**Data in this exercise:**
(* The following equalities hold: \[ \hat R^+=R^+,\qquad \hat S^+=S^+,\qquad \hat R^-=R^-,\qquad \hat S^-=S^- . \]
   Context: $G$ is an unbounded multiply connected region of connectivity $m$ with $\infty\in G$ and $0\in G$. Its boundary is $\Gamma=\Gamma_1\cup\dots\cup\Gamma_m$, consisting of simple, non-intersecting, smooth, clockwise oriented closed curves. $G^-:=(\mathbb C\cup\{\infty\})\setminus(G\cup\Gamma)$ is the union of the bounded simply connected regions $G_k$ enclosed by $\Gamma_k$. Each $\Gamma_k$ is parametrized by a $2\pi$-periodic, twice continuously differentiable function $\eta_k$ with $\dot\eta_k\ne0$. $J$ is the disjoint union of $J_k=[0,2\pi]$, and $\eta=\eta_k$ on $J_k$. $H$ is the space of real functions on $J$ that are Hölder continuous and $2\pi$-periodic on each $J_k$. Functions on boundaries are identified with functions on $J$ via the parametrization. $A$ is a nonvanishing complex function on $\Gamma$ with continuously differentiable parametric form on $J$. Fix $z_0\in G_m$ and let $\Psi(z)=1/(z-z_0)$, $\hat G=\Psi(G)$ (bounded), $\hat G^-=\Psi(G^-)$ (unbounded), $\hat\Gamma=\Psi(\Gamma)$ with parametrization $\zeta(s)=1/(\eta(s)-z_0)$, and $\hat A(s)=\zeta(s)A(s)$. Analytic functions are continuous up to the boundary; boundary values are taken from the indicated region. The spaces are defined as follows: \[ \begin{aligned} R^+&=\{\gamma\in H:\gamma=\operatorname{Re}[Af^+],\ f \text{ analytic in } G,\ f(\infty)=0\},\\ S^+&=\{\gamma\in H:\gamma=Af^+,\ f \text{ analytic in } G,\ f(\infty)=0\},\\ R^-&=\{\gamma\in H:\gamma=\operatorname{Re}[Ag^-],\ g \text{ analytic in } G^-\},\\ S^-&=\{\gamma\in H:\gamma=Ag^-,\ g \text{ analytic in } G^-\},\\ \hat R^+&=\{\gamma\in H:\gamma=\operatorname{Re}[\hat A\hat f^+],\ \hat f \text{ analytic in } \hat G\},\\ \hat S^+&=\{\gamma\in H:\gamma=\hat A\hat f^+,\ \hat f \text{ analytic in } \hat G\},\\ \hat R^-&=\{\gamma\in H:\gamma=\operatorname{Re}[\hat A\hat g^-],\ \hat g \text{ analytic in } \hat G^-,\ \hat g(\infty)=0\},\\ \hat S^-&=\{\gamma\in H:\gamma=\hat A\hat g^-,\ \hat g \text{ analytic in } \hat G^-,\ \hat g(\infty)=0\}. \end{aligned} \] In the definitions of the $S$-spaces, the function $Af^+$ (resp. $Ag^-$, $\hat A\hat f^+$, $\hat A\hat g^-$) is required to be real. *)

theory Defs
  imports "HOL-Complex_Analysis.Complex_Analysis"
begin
---
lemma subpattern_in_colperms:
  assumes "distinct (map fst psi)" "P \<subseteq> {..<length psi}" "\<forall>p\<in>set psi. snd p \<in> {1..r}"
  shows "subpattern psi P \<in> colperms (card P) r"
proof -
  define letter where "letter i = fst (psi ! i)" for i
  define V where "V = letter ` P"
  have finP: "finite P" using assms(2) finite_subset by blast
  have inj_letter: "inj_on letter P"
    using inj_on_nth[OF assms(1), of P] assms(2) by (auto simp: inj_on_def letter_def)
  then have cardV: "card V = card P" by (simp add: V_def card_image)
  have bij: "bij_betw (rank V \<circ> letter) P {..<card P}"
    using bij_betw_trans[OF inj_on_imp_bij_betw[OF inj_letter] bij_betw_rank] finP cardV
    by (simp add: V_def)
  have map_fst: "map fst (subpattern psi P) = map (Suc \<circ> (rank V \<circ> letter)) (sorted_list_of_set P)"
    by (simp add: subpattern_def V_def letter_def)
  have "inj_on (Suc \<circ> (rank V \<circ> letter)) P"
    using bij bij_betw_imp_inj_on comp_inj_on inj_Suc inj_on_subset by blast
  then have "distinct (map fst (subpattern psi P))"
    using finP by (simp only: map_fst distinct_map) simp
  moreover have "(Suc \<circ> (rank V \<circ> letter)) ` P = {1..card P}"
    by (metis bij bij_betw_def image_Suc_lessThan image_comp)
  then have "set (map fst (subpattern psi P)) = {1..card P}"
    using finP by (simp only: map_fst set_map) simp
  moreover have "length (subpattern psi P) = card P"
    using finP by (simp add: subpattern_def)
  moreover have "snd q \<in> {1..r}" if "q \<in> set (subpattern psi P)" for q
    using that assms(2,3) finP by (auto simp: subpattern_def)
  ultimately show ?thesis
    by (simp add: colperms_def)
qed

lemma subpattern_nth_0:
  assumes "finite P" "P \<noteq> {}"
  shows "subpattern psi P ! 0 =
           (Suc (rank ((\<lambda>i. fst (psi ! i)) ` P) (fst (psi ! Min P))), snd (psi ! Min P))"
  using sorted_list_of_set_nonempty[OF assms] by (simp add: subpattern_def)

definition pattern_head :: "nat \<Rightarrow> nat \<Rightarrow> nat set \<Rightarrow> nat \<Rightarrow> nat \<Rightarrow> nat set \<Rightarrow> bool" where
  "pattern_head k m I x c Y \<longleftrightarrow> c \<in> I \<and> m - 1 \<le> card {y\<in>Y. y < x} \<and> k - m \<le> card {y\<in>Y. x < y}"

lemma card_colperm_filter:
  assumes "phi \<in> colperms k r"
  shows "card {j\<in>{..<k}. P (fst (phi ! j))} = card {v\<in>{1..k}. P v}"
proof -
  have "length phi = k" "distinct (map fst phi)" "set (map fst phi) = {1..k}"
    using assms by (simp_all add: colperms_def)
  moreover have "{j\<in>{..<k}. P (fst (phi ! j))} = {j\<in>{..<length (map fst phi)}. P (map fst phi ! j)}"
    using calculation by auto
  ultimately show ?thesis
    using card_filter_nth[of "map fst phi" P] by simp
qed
--
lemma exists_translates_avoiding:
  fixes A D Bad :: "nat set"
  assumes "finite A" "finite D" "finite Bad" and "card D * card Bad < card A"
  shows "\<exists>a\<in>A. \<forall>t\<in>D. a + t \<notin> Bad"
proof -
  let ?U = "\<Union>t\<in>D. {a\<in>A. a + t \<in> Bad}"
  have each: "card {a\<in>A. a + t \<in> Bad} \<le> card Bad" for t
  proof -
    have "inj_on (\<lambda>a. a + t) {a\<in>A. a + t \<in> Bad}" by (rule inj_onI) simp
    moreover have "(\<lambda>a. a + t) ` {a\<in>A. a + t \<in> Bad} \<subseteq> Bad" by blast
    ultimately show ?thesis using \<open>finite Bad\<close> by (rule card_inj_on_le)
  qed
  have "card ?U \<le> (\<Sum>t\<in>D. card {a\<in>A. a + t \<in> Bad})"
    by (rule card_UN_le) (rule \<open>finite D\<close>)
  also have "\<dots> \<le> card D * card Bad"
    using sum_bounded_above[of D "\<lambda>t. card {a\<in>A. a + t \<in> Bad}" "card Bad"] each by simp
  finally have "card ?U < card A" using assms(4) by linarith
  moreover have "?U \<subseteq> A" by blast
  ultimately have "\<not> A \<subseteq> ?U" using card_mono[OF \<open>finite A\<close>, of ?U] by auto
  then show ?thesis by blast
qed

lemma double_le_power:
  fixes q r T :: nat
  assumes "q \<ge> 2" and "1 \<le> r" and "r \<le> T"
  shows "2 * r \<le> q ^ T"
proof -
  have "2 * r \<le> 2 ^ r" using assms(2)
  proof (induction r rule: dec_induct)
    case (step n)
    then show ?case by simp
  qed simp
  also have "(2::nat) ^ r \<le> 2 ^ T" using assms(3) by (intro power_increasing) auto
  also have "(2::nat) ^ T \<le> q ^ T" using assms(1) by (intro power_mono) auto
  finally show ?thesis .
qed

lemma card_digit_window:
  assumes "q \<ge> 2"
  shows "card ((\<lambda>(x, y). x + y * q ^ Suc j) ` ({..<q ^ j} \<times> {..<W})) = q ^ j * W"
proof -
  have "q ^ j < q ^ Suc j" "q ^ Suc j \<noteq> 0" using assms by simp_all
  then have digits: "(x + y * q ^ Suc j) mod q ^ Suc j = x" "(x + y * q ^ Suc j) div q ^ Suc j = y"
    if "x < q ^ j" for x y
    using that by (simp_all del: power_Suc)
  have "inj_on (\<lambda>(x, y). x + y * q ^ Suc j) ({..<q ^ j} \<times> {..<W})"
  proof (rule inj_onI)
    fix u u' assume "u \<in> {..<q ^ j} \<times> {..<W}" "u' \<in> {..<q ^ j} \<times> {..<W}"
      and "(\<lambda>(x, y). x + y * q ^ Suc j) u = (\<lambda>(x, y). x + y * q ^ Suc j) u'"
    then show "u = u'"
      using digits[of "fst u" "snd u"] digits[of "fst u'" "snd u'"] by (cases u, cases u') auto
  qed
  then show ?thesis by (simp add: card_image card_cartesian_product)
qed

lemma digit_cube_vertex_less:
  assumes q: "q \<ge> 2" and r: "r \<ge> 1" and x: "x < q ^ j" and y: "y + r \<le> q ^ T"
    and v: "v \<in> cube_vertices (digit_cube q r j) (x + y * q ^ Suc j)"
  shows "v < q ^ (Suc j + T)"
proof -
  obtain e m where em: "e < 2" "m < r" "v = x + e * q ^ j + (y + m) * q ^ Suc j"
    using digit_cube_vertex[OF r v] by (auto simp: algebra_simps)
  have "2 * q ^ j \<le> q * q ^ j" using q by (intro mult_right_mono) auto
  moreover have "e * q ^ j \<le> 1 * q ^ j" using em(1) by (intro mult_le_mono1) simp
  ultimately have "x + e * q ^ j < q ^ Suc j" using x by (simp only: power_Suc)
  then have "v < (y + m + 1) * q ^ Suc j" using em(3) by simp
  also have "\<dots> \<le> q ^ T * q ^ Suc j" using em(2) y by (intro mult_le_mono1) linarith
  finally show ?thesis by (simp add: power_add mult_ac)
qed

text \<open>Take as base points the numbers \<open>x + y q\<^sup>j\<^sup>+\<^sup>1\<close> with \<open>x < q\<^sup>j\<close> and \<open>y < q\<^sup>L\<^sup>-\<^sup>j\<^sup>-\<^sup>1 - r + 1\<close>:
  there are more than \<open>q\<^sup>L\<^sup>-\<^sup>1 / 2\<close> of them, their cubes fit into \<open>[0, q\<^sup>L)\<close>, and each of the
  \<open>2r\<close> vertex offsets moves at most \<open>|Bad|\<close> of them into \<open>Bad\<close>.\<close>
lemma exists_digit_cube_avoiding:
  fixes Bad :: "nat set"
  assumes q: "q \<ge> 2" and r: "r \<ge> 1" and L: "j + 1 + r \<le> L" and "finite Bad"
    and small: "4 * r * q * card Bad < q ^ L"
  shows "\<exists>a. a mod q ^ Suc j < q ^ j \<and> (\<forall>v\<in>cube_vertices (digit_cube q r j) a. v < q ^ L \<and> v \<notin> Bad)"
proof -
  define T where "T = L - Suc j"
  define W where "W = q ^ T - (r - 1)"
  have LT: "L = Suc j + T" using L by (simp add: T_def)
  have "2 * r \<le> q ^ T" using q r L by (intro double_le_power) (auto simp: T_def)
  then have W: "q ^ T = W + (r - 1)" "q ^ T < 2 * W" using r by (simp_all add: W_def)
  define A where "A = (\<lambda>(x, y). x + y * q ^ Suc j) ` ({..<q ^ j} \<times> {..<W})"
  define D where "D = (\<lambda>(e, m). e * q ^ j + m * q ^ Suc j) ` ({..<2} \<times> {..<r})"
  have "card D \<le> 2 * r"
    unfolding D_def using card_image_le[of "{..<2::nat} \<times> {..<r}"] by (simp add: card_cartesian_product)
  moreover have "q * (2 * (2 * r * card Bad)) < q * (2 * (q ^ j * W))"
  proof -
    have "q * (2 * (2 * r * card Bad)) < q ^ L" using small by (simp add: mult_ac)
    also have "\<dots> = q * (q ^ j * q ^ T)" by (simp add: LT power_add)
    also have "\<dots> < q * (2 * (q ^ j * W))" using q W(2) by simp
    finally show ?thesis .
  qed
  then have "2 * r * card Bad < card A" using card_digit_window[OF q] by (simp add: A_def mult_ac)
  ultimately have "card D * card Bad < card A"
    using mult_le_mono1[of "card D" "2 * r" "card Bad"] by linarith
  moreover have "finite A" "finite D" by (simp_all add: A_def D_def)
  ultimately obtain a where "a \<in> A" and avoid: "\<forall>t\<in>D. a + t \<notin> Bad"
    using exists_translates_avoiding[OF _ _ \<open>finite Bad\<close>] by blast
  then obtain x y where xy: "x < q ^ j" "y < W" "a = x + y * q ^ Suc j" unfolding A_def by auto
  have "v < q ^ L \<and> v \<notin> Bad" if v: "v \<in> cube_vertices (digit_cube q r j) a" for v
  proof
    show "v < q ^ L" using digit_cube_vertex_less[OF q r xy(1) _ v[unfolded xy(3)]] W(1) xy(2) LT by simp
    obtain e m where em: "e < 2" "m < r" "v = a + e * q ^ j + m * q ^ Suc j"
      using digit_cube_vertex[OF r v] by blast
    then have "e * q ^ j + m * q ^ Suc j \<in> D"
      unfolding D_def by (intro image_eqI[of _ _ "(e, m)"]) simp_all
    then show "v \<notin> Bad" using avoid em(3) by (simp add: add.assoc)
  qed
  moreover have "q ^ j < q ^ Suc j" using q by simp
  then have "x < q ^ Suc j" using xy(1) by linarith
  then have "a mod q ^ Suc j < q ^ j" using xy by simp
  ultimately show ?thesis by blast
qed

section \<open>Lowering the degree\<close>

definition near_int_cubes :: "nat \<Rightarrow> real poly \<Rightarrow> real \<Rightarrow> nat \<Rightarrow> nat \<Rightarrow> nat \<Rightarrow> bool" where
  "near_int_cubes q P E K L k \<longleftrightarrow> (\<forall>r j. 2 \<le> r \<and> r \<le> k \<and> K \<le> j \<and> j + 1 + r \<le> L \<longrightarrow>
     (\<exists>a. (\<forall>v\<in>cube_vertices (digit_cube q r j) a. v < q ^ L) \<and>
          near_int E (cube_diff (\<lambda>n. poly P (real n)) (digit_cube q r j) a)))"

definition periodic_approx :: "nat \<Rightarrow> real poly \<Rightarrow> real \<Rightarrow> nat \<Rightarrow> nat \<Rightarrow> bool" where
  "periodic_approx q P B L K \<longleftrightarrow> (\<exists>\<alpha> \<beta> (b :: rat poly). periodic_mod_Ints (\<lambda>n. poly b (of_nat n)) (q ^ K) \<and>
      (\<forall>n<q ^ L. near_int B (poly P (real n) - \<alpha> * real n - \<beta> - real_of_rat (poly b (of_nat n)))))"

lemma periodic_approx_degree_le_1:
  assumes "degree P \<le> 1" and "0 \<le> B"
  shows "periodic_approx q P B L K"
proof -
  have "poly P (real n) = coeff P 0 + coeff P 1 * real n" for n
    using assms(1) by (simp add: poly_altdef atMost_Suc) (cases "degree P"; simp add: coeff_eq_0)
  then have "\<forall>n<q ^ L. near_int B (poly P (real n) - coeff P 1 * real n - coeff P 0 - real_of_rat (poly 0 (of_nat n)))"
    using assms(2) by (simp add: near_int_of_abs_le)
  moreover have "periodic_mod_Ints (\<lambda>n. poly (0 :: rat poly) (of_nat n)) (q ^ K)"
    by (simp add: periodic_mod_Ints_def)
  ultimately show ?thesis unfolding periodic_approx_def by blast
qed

**What needs to be done:**
Find the string "circ" in the records, then copy each line where it occurs.

**Exercise output:**
  have bij: "bij_betw (rank V \<circ> letter) P {..<card P}"
  have map_fst: "map fst (subpattern psi P) = map (Suc \<circ> (rank V \<circ> letter)) (sorted_list_of_set P)"
  have "inj_on (Suc \<circ> (rank V \<circ> letter)) P"
  moreover have "(Suc \<circ> (rank V \<circ> letter)) ` P = {1..card P}"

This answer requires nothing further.